Sábado 15 de febrero; 07:00 h de la mañana en San Cristóbal de La Laguna; Iglesia del Monasterio de Santa Catalina, Plaza del Adelantado, llena y comienza a formarse una cola de personas que quieren visitar el sarcófago en el que se custodia el cuerpo incorrupto de esta monja contemplativa del siglo XVIII. Como cada año: Sor María de Jesús, La Siervita.
Lo común ya no es noticia; pero esta visita anual con ocasión del aniversario de su muerte, vuelve a ser noticia. Algo tiene este lugar y esta mujer para que casi tres siglos más tarde sigan siendo actual su vida y su labor. Porque una monja dedica su vida a orar intercediendo por los demás. Lo hizo durante su vida y muchísimas personas acuden, papel en mano, a ofrecerle sus intenciones para que siga siendo monja en el Cielo. El olfato espiritual de la gente sencilla reconoce dónde están las cosas buenas que hacen bien. Y, como todos los años, la visita a La Siervita se repite. Siempre pidiéndole a Dios que su canonización llegue pronto.

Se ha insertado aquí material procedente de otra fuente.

lemma value_iter_mono: "mu \<in> belief_simplex \<Longrightarrow> value_iter n mu nu \<le> value_iter (Suc n) mu nu"
proof (induction n arbitrary: mu nu)
  case (Suc n)
  show ?case
  proof (cases "nu = 0")
    case False
    have "Min (range (action_factor (value_iter n) mu))
        \<le> Min (range (action_factor (value_iter (Suc n)) mu))"
      by (intro Min_range_mono action_factor_mono Suc.prems Suc.IH)
    then show ?thesis using False by (simp only: value_iter.simps if_False)
  qed simp
qed (simp only: value_iter.simps(1) value_iter_nonneg)

lemma value_iter_le_commit:
  assumes mu: "mu \<in> belief_simplex"
  shows "value_iter n mu nu \<le> deadline_loss mu + Qbar_dec ea eb thh mu 1"
proof -
  have commit: "0 \<le> Qbar_dec ea eb thh mu 1"
    using action_factor_nonneg[OF mu, of "\<lambda>_ _. 0" "Inr thh"] by simp
  have "Min (range (action_factor (value_iter m) mu)) \<le> action_factor (value_iter m) mu (Inr thh)"
    for m by (intro Min_le finite_imageI rangeI) simp
  then show ?thesis
    using commit deadline_loss_nonneg[OF mu] by (cases n) (auto intro: add_increasing add_increasing2)
qed

lemma bdd_above_value_iter: "mu \<in> belief_simplex \<Longrightarrow> bdd_above (range (\<lambda>n. value_iter n mu nu))"
  using value_iter_le_commit by (intro bdd_aboveI2) blast

lemma LIMSEQ_value_iter: "mu \<in> belief_simplex \<Longrightarrow> (\<lambda>n. value_iter n mu nu) \<longlonglongrightarrow> value_lim mu nu"
  unfolding value_lim_def
  by (intro LIMSEQ_incseq_SUP bdd_above_value_iter incseq_SucI value_iter_mono)

lemma value_lim_nonneg: "mu \<in> belief_simplex \<Longrightarrow> 0 \<le> value_lim mu nu"
  using LIMSEQ_value_iter by (rule LIMSEQ_le_const) (auto intro: value_iter_nonneg)

lemma value_lim_deadline: "mu \<in> belief_simplex \<Longrightarrow> value_lim mu 0 = deadline_loss mu"
  using LIMSEQ_unique[OF LIMSEQ_Suc[OF LIMSEQ_value_iter]] by simp

lemma value_lim_Bellman:
  assumes mu: "mu \<in> belief_simplex" and nu: "nu \<noteq> 0"
  shows "value_lim mu nu = Min (range (action_factor value_lim mu))"
proof (rule LIMSEQ_unique)
  show "(\<lambda>n. value_iter (Suc n) mu nu) \<longlonglongrightarrow> value_lim mu nu"
    using LIMSEQ_Suc[OF LIMSEQ_value_iter[OF mu]] .
  show "(\<lambda>n. value_iter (Suc n) mu nu) \<longlonglongrightarrow> Min (range (action_factor value_lim mu))"
    using nu by (simp del: Min_ge_iff)
      (intro tendsto_Min tendsto_action_factor LIMSEQ_value_iter mu; simp)
qed

lemma concave_on_value_iter: "concave_on belief_simplex (\<lambda>mu. value_iter n mu nu)"
proof (induction n arbitrary: nu)
  case (Suc n)
  then show ?case
    by (cases "nu = 0")
      (simp_all add: concave_on_deadline_loss concave_on_Min_range concave_on_action_factor)
qed (simp add: concave_on_const convex_belief_simplex)

lemma concave_on_value_lim: "concave_on belief_simplex (\<lambda>mu. value_lim mu nu)"
  unfolding concave_on_iff
proof (intro conjI ballI allI impI convex_belief_simplex)
  fix x y :: "real^'th" and u v :: real
  assume x: "x \<in> belief_simplex" and y: "y \<in> belief_simplex"
    and u: "0 \<le> u" and v: "0 \<le> v" and uv: "u + v = 1"
  have m: "u *\<^sub>R x + v *\<^sub>R y \<in> belief_simplex"
    using convexD[OF convex_belief_simplex x y u v uv] .
  show "u * value_lim x nu + v * value_lim y nu \<le> value_lim (u *\<^sub>R x + v *\<^sub>R y) nu"
  proof (rule LIMSEQ_le)
    show "(\<lambda>n. u * value_iter n x nu + v * value_iter n y nu)
        \<longlonglongrightarrow> u * value_lim x nu + v * value_lim y nu"
      by (intro tendsto_intros LIMSEQ_value_iter x y)
    show "\<exists>N. \<forall>n\<ge>N. u * value_iter n x nu + v * value_iter n y nu
        \<le> value_iter n (u *\<^sub>R x + v *\<^sub>R y) nu"
      using concave_on_value_iter x y u v uv unfolding concave_on_iff by blast
  qed (rule LIMSEQ_value_iter[OF m])
qed

definition greedy_action :: "real^'th \<Rightarrow> 'la + 'th" where
  "greedy_action mu = (SOME a. action_factor value_lim mu a = Min (range (action_factor value_lim mu)))"

definition greedy_strategy :: "('th, 'la) strategy" where
  "greedy_strategy mu nu = return_pmf (greedy_action mu)"

lemma action_factor_greedy_action:
  "action_factor value_lim mu (greedy_action mu) = Min (range (action_factor value_lim mu))"
proof -
  have "Min (range (action_factor value_lim mu)) \<in> range (action_factor value_lim mu)"
    by (rule Min_in) auto
  then have "\<exists>a. action_factor value_lim mu a = Min (range (action_factor value_lim mu))"
    by (metis rangeE)
  then show ?thesis unfolding greedy_action_def by (rule someI_ex)
qed

lemma belief_loss_greedy_le_value_lim:
  "mu \<in> belief_simplex \<Longrightarrow> nu \<in> {0, 1} \<Longrightarrow> belief_loss greedy_strategy n mu nu \<le> value_lim mu nu"
proof (induction n arbitrary: mu nu)
  case 0
  then show ?case by (simp add: value_lim_nonneg)
next
  case (Suc n)
  show ?case
  proof (cases "nu = 0")
    case False
    then have "nu = 1" using Suc.prems by simp
    have "belief_loss greedy_strategy (Suc n) mu 1
        = action_factor (belief_loss greedy_strategy n) mu (greedy_action mu)"
      unfolding belief_loss_Suc_alive[OF Suc.prems(1)] greedy_strategy_def
      by (simp flip: expectation_finite_type)
    also have "\<dots> \<le> action_factor value_lim mu (greedy_action mu)"
      by (intro action_factor_mono Suc.prems(1) Suc.IH)
    also have "\<dots> = value_lim mu 1"
      by (simp add: action_factor_greedy_action value_lim_Bellman[OF Suc.prems(1)])
    finally show ?thesis using \<open>nu = 1\<close> by simp
  qed (use Suc.prems in \<open>simp add: belief_loss_Suc_deadline value_lim_deadline\<close>)
qed

lemma togo_eq_SUP_belief_loss:
  assumes mu: "mu \<in> belief_simplex"
  shows "togo p q c ea eb ec \<pi> mu nu = (SUP n. ennreal (belief_loss \<pi> n mu nu))"
proof -
  have "togo p q c ea eb ec \<pi> mu nu
      = (\<Sum>th\<in>UNIV. SUP n. ennreal (mu $ th) * ennreal (partial_loss \<pi> n (th, mu, nu, False)))"
    unfolding togo_def loss_given_eq_SUP_partial_loss by (simp add: SUP_mult_left_ennreal)
  also have "\<dots> = (SUP n. \<Sum>th\<in>UNIV. ennreal (mu $ th) * ennreal (partial_loss \<pi> n (th, mu, nu, False)))"
    by (rule ennreal_SUP_sum[symmetric])
      (auto intro!: incseq_SucI mult_left_mono ennreal_leI partial_loss_mono)
  also have "\<dots> = (SUP n. ennreal (belief_loss \<pi> n mu nu))"
    unfolding belief_loss_def using belief_simplex_nonneg[OF mu] partial_loss_nonneg
    by (subst sum_ennreal[symmetric]) (auto intro!: sum.cong SUP_cong simp: ennreal_mult)
  finally show ?thesis .
qed

lemma Vstar_eq_value_lim:
  assumes mu: "mu \<in> belief_simplex" and nu: "nu \<in> {0, 1}"
  shows "Vstar p q c ea eb ec mu nu = value_lim mu nu"
proof -
  have "(INF \<pi>. togo p q c ea eb ec \<pi> mu nu) = ennreal (value_lim mu nu)"
  proof (rule antisym)
    have "(INF \<pi>. togo p q c ea eb ec \<pi> mu nu) \<le> togo p q c ea eb ec greedy_strategy mu nu"
      by (rule INF_lower) simp
    also have "\<dots> \<le> ennreal (value_lim mu nu)"
      unfolding togo_eq_SUP_belief_loss[OF mu]
      by (intro SUP_least ennreal_leI belief_loss_greedy_le_value_lim mu nu)
    finally show "(INF \<pi>. togo p q c ea eb ec \<pi> mu nu) \<le> ennreal (value_lim mu nu)" .
  next
    show "ennreal (value_lim mu nu) \<le> (INF \<pi>. togo p q c ea eb ec \<pi> mu nu)"
    proof (rule INF_greatest)
      fix \<pi> :: "('th, 'la) strategy"
      show "ennreal (value_lim mu nu) \<le> togo p q c ea eb ec \<pi> mu nu"
      proof (rule LIMSEQ_le_const2)
        show "(\<lambda>n. ennreal (value_iter n mu nu)) \<longlonglongrightarrow> ennreal (value_lim mu nu)"
          by (intro tendsto_ennrealI LIMSEQ_value_iter mu)
        have "ennreal (value_iter n mu nu) \<le> (SUP n. ennreal (belief_loss \<pi> n mu nu))" for n
          using ennreal_leI[OF value_iter_le_belief_loss[OF mu nu]] by (rule SUP_upper2[OF UNIV_I])
        then show "\<exists>N. \<forall>n\<ge>N. ennreal (value_iter n mu nu) \<le> togo p q c ea eb ec \<pi> mu nu"
          unfolding togo_eq_SUP_belief_loss[OF mu] by blast
      qed
    qed
  qed
  then show ?thesis
    unfolding Vstar_def using value_lim_nonneg[OF mu] by simp
qed

abbreviation "V \<equiv> Vstar p q c ea eb ec"

lemma concave_on_Vstar: "nu \<in> {0, 1} \<Longrightarrow> concave_on belief_simplex (\<lambda>mu. V mu nu)"
  using concave_on_cong[of belief_simplex "\<lambda>mu. V mu nu" "\<lambda>mu. value_lim mu nu"]
  by (simp add: Vstar_eq_value_lim concave_on_value_lim)

lemma Qstar_acq_alive: "Qstar_acq p q c ea eb ec l mu 1 = action_factor V mu (Inl l)"
  by (simp add: Qstar_acq_def action_factor_def bayes_perspective_def bayes_norm_def death_lik_def
      outcome_lik_def Mbar_eq_bayes_update Mpost_eq_bayes_update mult.commute)

lemma Qstar_acq_deadline:
  "mu \<in> belief_simplex \<Longrightarrow> Qstar_acq p q c ea eb ec l mu 0 = deadline_loss mu + ec l * c l"
  by (simp add: Qstar_acq_def Vstar_eq_value_lim value_lim_deadline)

lemma concave_on_Qstar_acq:
  assumes nu: "nu \<in> {0, 1}"
  shows "concave_on belief_simplex (\<lambda>mu. Qstar_acq p q c ea eb ec l mu nu)"
proof (cases "nu = 0")
  case True
  have "concave_on belief_simplex (\<lambda>mu. deadline_loss mu + ec l * c l)"
    by (intro concave_on_add concave_on_deadline_loss) (simp add: concave_on_const convex_belief_simplex)
  then show ?thesis
    using concave_on_cong[of belief_simplex "\<lambda>mu. Qstar_acq p q c ea eb ec l mu 0"]
    by (simp add: True Qstar_acq_deadline)
next
  case False
  with nu have "nu = 1" by simp
  show ?thesis
    unfolding \<open>nu = 1\<close> Qstar_acq_alive by (intro concave_on_action_factor concave_on_Vstar) auto
qed

lemma Qstar_eq_Min: "Qstar p q c ea eb ec mu nu = Min (range (\<lambda>l. Qstar_acq p q c ea eb ec l mu nu))"
  unfolding Qstar_def by (rule cInf_eq_Min) auto

lemma Qbar_le_Qbar_dec: "Qbar ea eb mu nu \<le> Qbar_dec ea eb thh mu nu"
  unfolding Qbar_def by (rule cINF_lower) auto

lemma concave_on_Qstar: "nu \<in> {0, 1} \<Longrightarrow> concave_on belief_simplex (\<lambda>mu. Qstar p q c ea eb ec mu nu)"
  unfolding Qstar_eq_Min by (intro concave_on_Min_range concave_on_Qstar_acq)

text \<open>At a vertex the state is known, so deciding for it costs at most the deadline loss, while
  an acquisition pays its positive cost on top of a nonnegative continuation value.\<close>
lemma Qbar_dec_vertex_lt_Qstar_acq:
  assumes nu: "nu \<in> {0, 1}"
  shows "Qbar_dec ea eb th (vertex th) nu < Qstar_acq p q c ea eb ec l (vertex th) nu"
proof (cases "nu = 0")
  case True
  then show ?thesis
    using acquisition_cost_pos[of l]
    by (simp add: Qstar_acq_deadline vertex_in_belief_simplex Qbar_dec_def deadline_loss_def)
next
  case False
  then have "nu = 1" using nu by simp
  have "0 \<le> bayes_perspective (death_lik l) (\<lambda>x. V x 0) (vertex th)
      + (\<Sum>om\<in>UNIV. bayes_perspective (outcome_lik l om) (\<lambda>x. V x 1) (vertex th))"
    by (intro add_nonneg_nonneg sum_nonneg vertex_in_belief_simplex
        bayes_perspective_nonneg[OF death_lik_nonneg] bayes_perspective_nonneg[OF outcome_lik_nonneg])
      (simp_all add: Vstar_def)
  then show ?thesis
    using acquisition_cost_pos[of l]
    unfolding \<open>nu = 1\<close> Qstar_acq_alive by (simp add: action_factor_def Qbar_dec_def vertex_nth)
qed

lemma Qbar_dec_vertex_lt_Qstar:
  "nu \<in> {0, 1} \<Longrightarrow> Qbar_dec ea eb th (vertex th) nu < Qstar p q c ea eb ec (vertex th) nu"
  unfolding Qstar_eq_Min by (subst Min_gr_iff) (auto intro: Qbar_dec_vertex_lt_Qstar_acq)

end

Decirle Siervita es una forma cariñosa de apocar su condición de Sierva de Dios. No es por pequeñez, sino por cariño que la hacemos cercana a nuestro corazón y necesidad. La Siervita es una humilde sierva del Señor. Así ocurrió durante su vida y creemos que así ocurre en el presente nuestro. Está a nuestro servicio sirviéndonos a Dios en plato espiritual. Bastaría que nos cambiara el corazón y nos hiciera sentir que nuestra vida será más vida si la ponemos al servicio de los demás. Servir es un honor. Y quien no sirve, para nada sirve.
El servicio es una actitud humana fundamental porque responde a nuestra naturaleza relacional y solidaria. Desde tiempos remotos, las personas han encontrado en la ayuda mutua un pilar esencial para la convivencia y el desarrollo de sociedades más justas y armónicas. Servir a los demás no solo fortalece los lazos comunitarios, sino que también permite a cada individuo descubrir su propia humanidad en la entrega desinteresada. Esta disposición al servicio no se limita a grandes gestos, sino que se manifiesta en lo cotidiano: en la escucha atenta, en el apoyo sincero y en la voluntad de hacer el bien sin esperar recompensas materiales.
Además, el servicio es un camino hacia el gozo profundo, pues nos conecta con un sentido de propósito que trasciende lo meramente individual. Al dar sin condiciones, experimentamos una alegría que nace de la certeza de haber contribuido al bienestar de otros. Este tipo de felicidad es más duradera que la que proviene de logros personales o bienes materiales, porque brota de un sentido de trascendencia y plenitud. Servir nos enriquece espiritualmente, nos ayuda a salir de la indiferencia y nos hace partícipes de una dinámica de amor y generosidad que transforma tanto al que da como al que recibe.
“El que quiera ser el primero, que sea el servidor de todos” (Mc 10,44). En estas palabras de Jesús resuena el misterio del verdadero liderazgo, el arte sublime de hacerse pequeño para engrandecer al hermano. Servir no es solo un acto de generosidad, sino un modo de existir, un sendero donde el alma se inclina, como el Maestro que lavó los pies de sus discípulos, para tocar con humildad la esencia del otro. En el servicio fraterno se despojan las máscaras del egoísmo y se visten las manos con la ternura del que sabe que cada gesto de amor es semilla de eternidad. Es allí, en el don de sí mismo, donde el corazón encuentra su música más alta, el gozo sereno de quien descubre que la verdadera grandeza no está en ser servido, sino en amar hasta el extremo. Quien asume la vida como un servicio, en su profesión o en su familia, es capaz de hacer atravesar siglos la más pequeña acción. Por eso creo que es oportuno seguir llamando a Sor María de Jesús de León, La Siervita. La servidora pequeña de La Laguna que hizo grandes a sus hermanas y a las personas con las que tuvo contacto. Servir a Dios sirviendo a las personas con lo que somos y tenemos. Hacer útil nuestro existir en el servicio humilde.